• [Problem]: Each line from the one containing "fold A [a..<Suc" through the last line of the records below is to be set down exactly; the rest stays out.
(Given records Opens)
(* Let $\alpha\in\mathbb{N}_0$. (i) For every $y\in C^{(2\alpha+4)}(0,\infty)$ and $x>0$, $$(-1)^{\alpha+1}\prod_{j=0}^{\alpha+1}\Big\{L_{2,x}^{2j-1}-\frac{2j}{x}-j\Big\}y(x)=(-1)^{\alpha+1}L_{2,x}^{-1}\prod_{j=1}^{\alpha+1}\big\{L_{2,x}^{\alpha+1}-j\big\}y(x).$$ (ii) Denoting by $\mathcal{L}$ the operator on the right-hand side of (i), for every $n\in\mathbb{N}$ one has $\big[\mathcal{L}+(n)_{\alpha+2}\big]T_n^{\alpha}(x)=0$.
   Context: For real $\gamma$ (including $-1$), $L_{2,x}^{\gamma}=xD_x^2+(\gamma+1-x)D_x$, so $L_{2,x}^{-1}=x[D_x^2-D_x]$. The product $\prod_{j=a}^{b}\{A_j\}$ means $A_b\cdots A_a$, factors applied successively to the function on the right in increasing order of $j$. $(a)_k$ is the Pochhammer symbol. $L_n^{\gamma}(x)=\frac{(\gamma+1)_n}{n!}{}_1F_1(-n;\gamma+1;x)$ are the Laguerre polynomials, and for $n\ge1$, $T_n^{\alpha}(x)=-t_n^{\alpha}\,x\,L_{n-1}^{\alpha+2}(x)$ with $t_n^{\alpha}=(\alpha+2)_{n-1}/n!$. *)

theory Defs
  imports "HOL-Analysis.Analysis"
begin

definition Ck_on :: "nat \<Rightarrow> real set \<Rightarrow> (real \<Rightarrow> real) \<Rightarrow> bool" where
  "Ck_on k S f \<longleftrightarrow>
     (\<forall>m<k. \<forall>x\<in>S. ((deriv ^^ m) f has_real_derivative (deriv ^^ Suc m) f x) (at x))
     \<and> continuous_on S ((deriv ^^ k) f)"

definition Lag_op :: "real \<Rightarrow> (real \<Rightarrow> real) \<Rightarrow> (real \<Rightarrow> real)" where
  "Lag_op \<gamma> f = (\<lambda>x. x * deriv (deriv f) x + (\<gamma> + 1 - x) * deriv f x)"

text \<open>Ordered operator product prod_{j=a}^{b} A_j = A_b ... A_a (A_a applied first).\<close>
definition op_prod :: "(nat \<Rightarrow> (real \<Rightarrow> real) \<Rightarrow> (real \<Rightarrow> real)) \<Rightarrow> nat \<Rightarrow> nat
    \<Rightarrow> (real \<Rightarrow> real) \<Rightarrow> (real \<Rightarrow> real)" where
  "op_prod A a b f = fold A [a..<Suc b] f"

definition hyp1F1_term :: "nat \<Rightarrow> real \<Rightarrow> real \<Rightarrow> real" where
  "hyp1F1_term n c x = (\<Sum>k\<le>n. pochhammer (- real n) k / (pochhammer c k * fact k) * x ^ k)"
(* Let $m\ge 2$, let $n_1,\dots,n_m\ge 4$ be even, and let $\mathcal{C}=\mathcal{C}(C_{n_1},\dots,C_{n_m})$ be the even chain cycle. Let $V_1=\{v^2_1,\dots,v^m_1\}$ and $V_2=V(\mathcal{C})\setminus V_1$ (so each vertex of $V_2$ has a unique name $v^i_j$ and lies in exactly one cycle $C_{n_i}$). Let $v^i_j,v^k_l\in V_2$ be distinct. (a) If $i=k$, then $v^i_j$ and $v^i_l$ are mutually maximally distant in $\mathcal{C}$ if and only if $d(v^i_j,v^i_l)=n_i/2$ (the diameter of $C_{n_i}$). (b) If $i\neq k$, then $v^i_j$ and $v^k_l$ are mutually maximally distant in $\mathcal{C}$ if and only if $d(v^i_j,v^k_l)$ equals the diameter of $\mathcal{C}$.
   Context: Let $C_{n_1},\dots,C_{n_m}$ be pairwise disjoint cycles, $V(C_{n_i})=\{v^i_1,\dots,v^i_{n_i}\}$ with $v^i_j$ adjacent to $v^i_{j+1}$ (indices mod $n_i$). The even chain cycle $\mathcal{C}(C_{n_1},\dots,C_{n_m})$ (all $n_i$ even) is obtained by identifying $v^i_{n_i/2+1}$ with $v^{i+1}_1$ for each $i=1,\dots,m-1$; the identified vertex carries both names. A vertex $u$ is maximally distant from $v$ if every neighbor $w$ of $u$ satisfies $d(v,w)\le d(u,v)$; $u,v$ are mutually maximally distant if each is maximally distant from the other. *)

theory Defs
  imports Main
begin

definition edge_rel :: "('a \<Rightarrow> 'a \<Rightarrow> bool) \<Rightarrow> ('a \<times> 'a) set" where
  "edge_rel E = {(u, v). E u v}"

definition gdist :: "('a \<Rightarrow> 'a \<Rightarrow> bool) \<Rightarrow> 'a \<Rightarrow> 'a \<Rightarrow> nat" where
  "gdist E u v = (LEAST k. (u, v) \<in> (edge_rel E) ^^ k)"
(Given records Closes)
• [The answer]:
  "op_prod A a b f = fold A [a..<Suc b] f"

definition hyp1F1_term :: "nat \<Rightarrow> real \<Rightarrow> real \<Rightarrow> real" where
  "hyp1F1_term n c x = (\<Sum>k\<le>n. pochhammer (- real n) k / (pochhammer c k * fact k) * x ^ k)"
(* Let $m\ge 2$, let $n_1,\dots,n_m\ge 4$ be even, and let $\mathcal{C}=\mathcal{C}(C_{n_1},\dots,C_{n_m})$ be the even chain cycle. Let $V_1=\{v^2_1,\dots,v^m_1\}$ and $V_2=V(\mathcal{C})\setminus V_1$ (so each vertex of $V_2$ has a unique name $v^i_j$ and lies in exactly one cycle $C_{n_i}$). Let $v^i_j,v^k_l\in V_2$ be distinct. (a) If $i=k$, then $v^i_j$ and $v^i_l$ are mutually maximally distant in $\mathcal{C}$ if and only if $d(v^i_j,v^i_l)=n_i/2$ (the diameter of $C_{n_i}$). (b) If $i\neq k$, then $v^i_j$ and $v^k_l$ are mutually maximally distant in $\mathcal{C}$ if and only if $d(v^i_j,v^k_l)$ equals the diameter of $\mathcal{C}$.
   Context: Let $C_{n_1},\dots,C_{n_m}$ be pairwise disjoint cycles, $V(C_{n_i})=\{v^i_1,\dots,v^i_{n_i}\}$ with $v^i_j$ adjacent to $v^i_{j+1}$ (indices mod $n_i$). The even chain cycle $\mathcal{C}(C_{n_1},\dots,C_{n_m})$ (all $n_i$ even) is obtained by identifying $v^i_{n_i/2+1}$ with $v^{i+1}_1$ for each $i=1,\dots,m-1$; the identified vertex carries both names. A vertex $u$ is maximally distant from $v$ if every neighbor $w$ of $u$ satisfies $d(v,w)\le d(u,v)$; $u,v$ are mutually maximally distant if each is maximally distant from the other. *)

theory Defs
  imports Main
begin

definition edge_rel :: "('a \<Rightarrow> 'a \<Rightarrow> bool) \<Rightarrow> ('a \<times> 'a) set" where
  "edge_rel E = {(u, v). E u v}"

definition gdist :: "('a \<Rightarrow> 'a \<Rightarrow> bool) \<Rightarrow> 'a \<Rightarrow> 'a \<Rightarrow> nat" where
  "gdist E u v = (LEAST k. (u, v) \<in> (edge_rel E) ^^ k)"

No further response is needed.